Feeling very foolish and wishing she could die from embarrassment, Madison moved out from between the pantry and the refrigerator, then stepped into the kitchen. For a moment she didn’t know what to do. Should she find the man and apologize? Explain to him that she hadn’t really been snooping? Or should she just go to Frank and tell him that she absolutely positively had to return to Montana now.

Madison looked down at the fishing pole still clutched in her hand. On the other hand, she could just get out of the house and spend a day by herself near a stream somewhere and not think about Thomas Randall or her husband or any other man in the entire world.

In the end, fishing won out. She grabbed half a dozen biscuits from the sheet that had just been taken from the oven, and with a defiant little smile, she also took six slices of bacon, a couple of napkins, and left the kitchen. On the way out, she saw Adelia and the skinny little woman she’d seen with her yesterday, the one who seemed to be named Pretty, and Madison waved to them as she headed in the direction that Brooke had pointed out to her last night.

Thomas stepped through the trees and stopped dead in his tracks. Ahead of him, standing in his favorite fishing spot, the spot that had been his since he was six years old, was . . . was . . . Botticelli’s Venus was the first thing that came to his mind.

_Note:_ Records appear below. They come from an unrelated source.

lemma jump_interval_notin_ranges:
  assumes "left_lim F x < \<alpha>" "\<alpha> < F x"
  shows "\<alpha> \<notin> range F \<union> range (left_lim F)"
proof -
  have "F y \<noteq> \<alpha>" for y
    using assms le_left_lim[of y x] monoD[OF mono_F, of x y] by (cases "y < x") auto
  moreover have "left_lim F y \<noteq> \<alpha>" for y
    using assms mono_left_lim[of y x] le_left_lim[of x y] by (cases "y \<le> x") auto
  ultimately show ?thesis
    by auto
qed

lemma in_jump_interval_if_notin_ranges:
  assumes "0 < \<alpha>" "\<alpha> < 1" "\<alpha> \<notin> range F \<union> range (left_lim F)"
  shows "left_lim F (gen_inv F \<alpha>) < \<alpha>" "\<alpha> < F (gen_inv F \<alpha>)"
  using assms left_lim_gen_inv_le le_F_gen_inv
  by (metis UnCI order_le_less rangeI)+

end

lemma F_lam_in_jump_interval:
  assumes "0 < jump F x" "0 < lam" "lam < 1"
  shows "F_lam F lam x \<in> {left_lim F x <..< F x}"
proof -
  have "0 < lam * jump F x" "lam * jump F x < jump F x"
    using assms by simp_all
  then show ?thesis
    by (simp add: F_lam_def jump_def)
qed

lemma F_lam_coordinate:
  "0 < jump F x \<Longrightarrow> (F_lam F lam x - left_lim F x) / jump F x = lam"
  by (simp add: F_lam_def)

lemma F_lam_coordinate_in_unit_interval:
  "\<alpha> \<in> {left_lim F x <..< F x} \<Longrightarrow> (\<alpha> - left_lim F x) / jump F x \<in> {0<..<1}"
  by (simp add: jump_def field_simps)

lemma eq_F_lam_coordinate:
  "0 < jump F x \<Longrightarrow> \<alpha> = F_lam F ((\<alpha> - left_lim F x) / jump F x) x"
  by (simp add: F_lam_def)

lemma ruesch_image_eq:
  "ruesch F ` (J \<times> {0<..<1}) = {F_lam F lam x | lam x. 0 < lam \<and> lam < 1 \<and> x \<in> J}"
  by (force simp: ruesch_def)

context
  fixes F :: "real \<Rightarrow> real"
  assumes dF: "is_distribution_function F"
begin

lemma Union_jump_intervals_eq_F_lam_image:
  "(\<Union>x\<in>jumps F. {left_lim F x <..< F x})
     = {F_lam F lam x | lam x. 0 < lam \<and> lam < 1 \<and> x \<in> jumps F}"
proof safe
  fix \<alpha> x assume "x \<in> jumps F" "\<alpha> \<in> {left_lim F x <..< F x}"
  then show "\<exists>lam y. \<alpha> = F_lam F lam y \<and> 0 < lam \<and> lam < 1 \<and> y \<in> jumps F"
    using F_lam_coordinate_in_unit_interval eq_F_lam_coordinate by (fastforce simp: jumps_def)
qed (use F_lam_in_jump_interval in \<open>auto simp: jumps_def\<close>)

lemma Union_jump_intervals_eq_gen_inv_jump_set:
  "(\<Union>x\<in>jumps F. {left_lim F x <..< F x})
     = {\<alpha> \<in> {0<..<1}. jump F (gen_inv F \<alpha>) > 0 \<and>
          (\<exists>lam. 0 < lam \<and> lam < 1 \<and> \<alpha> = F_lam F lam (gen_inv F \<alpha>))}"
proof safe
  fix \<alpha> x assume "x \<in> jumps F" and \<alpha>: "\<alpha> \<in> {left_lim F x <..< F x}"
  then have x: "gen_inv F \<alpha> = x" "0 < jump F x"
    using jump_interval_imp_gen_inv[OF dF] by (auto simp: jumps_def)
  show "\<alpha> \<in> {0<..<1}"
    using jump_interval_imp_gen_inv[OF dF] \<alpha> by auto
  show "0 < jump F (gen_inv F \<alpha>)"
    using x by simp
  show "\<exists>lam. 0 < lam \<and> lam < 1 \<and> \<alpha> = F_lam F lam (gen_inv F \<alpha>)"
    using F_lam_coordinate_in_unit_interval[OF \<alpha>] eq_F_lam_coordinate[OF x(2)] x by auto
next
  fix \<alpha> lam :: real
  assume "0 < jump F (gen_inv F \<alpha>)" "0 < lam" "lam < 1" "\<alpha> = F_lam F lam (gen_inv F \<alpha>)"
  then show "\<alpha> \<in> (\<Union>x\<in>jumps F. {left_lim F x <..< F x})"
    using F_lam_in_jump_interval[of F "gen_inv F \<alpha>" lam] by (auto simp: jumps_def)
qed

Standing with her back to him, she looked like something from a fishing magazine that would be titled “Lust Fantasies Issue.” She was tall, slim, curvy. She had on snug, worn jeans and green thigh-high waders. Above the boots was a round, firm rear end that curved up into a tiny waist that was encircled with a wide leather belt. She had on a denim shirt and a vest that must have been his brother’s years ago, as it was too small for her. It reached only halfway down her back.

She had yards of honey blonde hair that hung down her back in huge waves, and when she swirled the pole around, her hair floated about her like some erotic cloud.